The Power of Immeasurable Curiosity and Passion in Greece

August 31, 2016
Evy Vourlides

Evy Vourlides, 2013-2014, Greece

I lived in the neighborhood of Koukaki—below the Acropolis and just a short walk from Panteion University, my academic home during my nine months as a Fulbright U.S. Student in Greece. The small details of my daily life in Athens were unexpectedly tremendous. I had a Greek bank account, a lease, and a phone contract. This meant learning firsthand the experience of waiting in line at the bank, signing contracts, and paying bills as (albeit temporary) a member of Greek society. Greeting the baker down the street, who knew me by name, cracking a passing joke with the beet vendor at the community market, practicing yoga on a rooftop with a beautiful group of new friends under a closing day’s sky—these memories continue to bring me deep joy and reflect the great love I have developed for Greece. These details are what the Fulbright Program is about because they lead to something greater.

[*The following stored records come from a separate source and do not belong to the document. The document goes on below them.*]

(* Let $\mathscr{G}_1,\mathscr{G}_2$ be covariance operators on $L^2([0,1]^D)$ of finite ranks $K_1,K_2$ with real analytic eigenfunctions, and assume without loss of generality $K_1\ge K_2$. Let $\mathscr{B}_1,\mathscr{B}_2$ be covariance operators on $L^2([0,1]^D)$ with continuous kernels that are banded with bandwidths $\underline{\delta}_1,\underline{\delta}_2$ whose components all lie in $(0,1/2)$. Let $\underline{M}=(M_1,\dots,M_D)$ and suppose $$K_1\le K^*=\prod_{d=1}^D\Big\lfloor\Big(\tfrac12-\max\{\delta_{1,d},\delta_{2,d}\}\Big)M_d-1\Big\rfloor .$$ Then for Lebesgue-almost every grid in $\mathcal{S}_{\underline{M}}$, $$\mathcal{G}^{\underline{M}}_1+\mathcal{B}^{\underline{M}}_1=\mathcal{G}^{\underline{M}}_2+\mathcal{B}^{\underline{M}}_2\iff \mathcal{G}^{\underline{M}}_1=\mathcal{G}^{\underline{M}}_2\ \text{ and }\ \mathcal{B}^{\underline{M}}_1=\mathcal{B}^{\underline{M}}_2 .$$
   Context: A covariance operator with kernel $b$ is $\underline{\delta}$-banded, $\underline{\delta}=(\delta_1,\dots,\delta_D)$, if $b(\underline{s}_1,\underline{s}_2)=0$ whenever $|s_{1,d}-s_{2,d}|\ge\delta_d$ for some $d$. A function is real analytic on $[0,1]^D$ if it is the restriction of a real analytic function on an open set containing $[0,1]^D$. For $\underline{M}$, $\mathbb{N}_{\underline{M}}=\{1,\dots,M_1\}\times\cdots\times\{1,\dots,M_D\}$; $[0,1]^D$ is partitioned into cells $I_{\underline{m},\underline{M}}=\prod_d[(m_d-1)/M_d,m_d/M_d)$, and $\mathcal{S}_{\underline{M}}$ is the set of grids $\{\underline{s}_{\underline{m}}\}_{\underline{m}\in\mathbb{N}_{\underline{M}}}$ with $\underline{s}_{\underline{m}}\in I_{\underline{m},\underline{M}}$, identified with $\prod_{\underline{m}}I_{\underline{m},\underline{M}}$ and carrying Lebesgue measure. For an operator with kernel $g$ (resp. $b$), $\mathcal{G}^{\underline{M}}$ (resp. $\mathcal{B}^{\underline{M}}$) is the tensor in $\mathbb{R}^{M_1\times\cdots\times M_D\times M_1\times\cdots\times M_D}$ with entries $g(\underline{s}_{\underline{i}},\underline{s}_{\underline{j}})$ (resp. $b(\underline{s}_{\underline{i}},\underline{s}_{\underline{j}})$), $\underline{i},\underline{j}\in\mathbb{N}_{\underline{M}}$. *)

theory Defs
  imports "HOL-Analysis.Analysis"
begin

text \<open>Points of [0,1]^D are vectors of type real^'d, the finite type 'd indexing the D coordinates.\<close>

definition unit_cube :: "(real^'d) set" where
  "unit_cube = {s. \<forall>d. 0 \<le> s$d \<and> s$d \<le> 1}"

text \<open>Real analyticity of f : real^'d \<Rightarrow> real on an open set U: locally around every point
  it is the (unconditionally, hence absolutely, convergent) sum of its multivariate power series.\<close>

definition real_analytic_on :: "(real^'d) set \<Rightarrow> (real^'d \<Rightarrow> real) \<Rightarrow> bool" where
  "real_analytic_on U f \<longleftrightarrow>
     (\<forall>x\<in>U. \<exists>r>0. \<exists>c :: ('d \<Rightarrow> nat) \<Rightarrow> real.
        \<forall>y\<in>ball x r. ((\<lambda>\<alpha>. c \<alpha> * (\<Prod>d\<in>UNIV. (y$d - x$d) ^ \<alpha> d)) has_sum f y) UNIV)"

definition real_analytic_on_cube :: "(real^'d \<Rightarrow> real) \<Rightarrow> bool" where
  "real_analytic_on_cube f \<longleftrightarrow>
     (\<exists>U F. open U \<and> unit_cube \<subseteq> U \<and> real_analytic_on U F \<and> (\<forall>s\<in>unit_cube. F s = f s))"

text \<open>Kernel of a finite-rank-K covariance operator on L^2([0,1]^D) with real analytic
  eigenfunctions: g(s,t) = sum_k lam_k phi_k(s) phi_k(t), lam_k > 0, phi_k orthonormal.\<close>

definition finite_rank_analytic_cov :: "(real^'d \<Rightarrow> real^'d \<Rightarrow> real) \<Rightarrow> nat \<Rightarrow> bool" where
  "finite_rank_analytic_cov g K \<longleftrightarrow>
     (\<exists>(lam :: nat \<Rightarrow> real) (phi :: nat \<Rightarrow> real^'d \<Rightarrow> real).
        (\<forall>k<K. lam k > 0) \<and>
        (\<forall>k<K. real_analytic_on_cube (phi k)) \<and>
        (\<forall>j<K. \<forall>k<K. (LINT s:unit_cube|lborel. phi j s * phi k s) = (if j = k then 1 else 0)) \<and>
        (\<forall>s\<in>unit_cube. \<forall>t\<in>unit_cube. g s t = (\<Sum>k<K. lam k * phi k s * phi k t)))"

Senator J. William Fulbright headed efforts for the Fulbright Program after the Second World War. He believed that educational and cultural exchanges would lead to intimate intercultural understanding, and could promote peace of global proportions.

Understanding and empathy inevitably result from working, studying, and carrying out daily tasks in a new place, amongst a new group of people, for a prolonged period of time. This becomes a space where discussion and, ultimately, diplomacy can flourish.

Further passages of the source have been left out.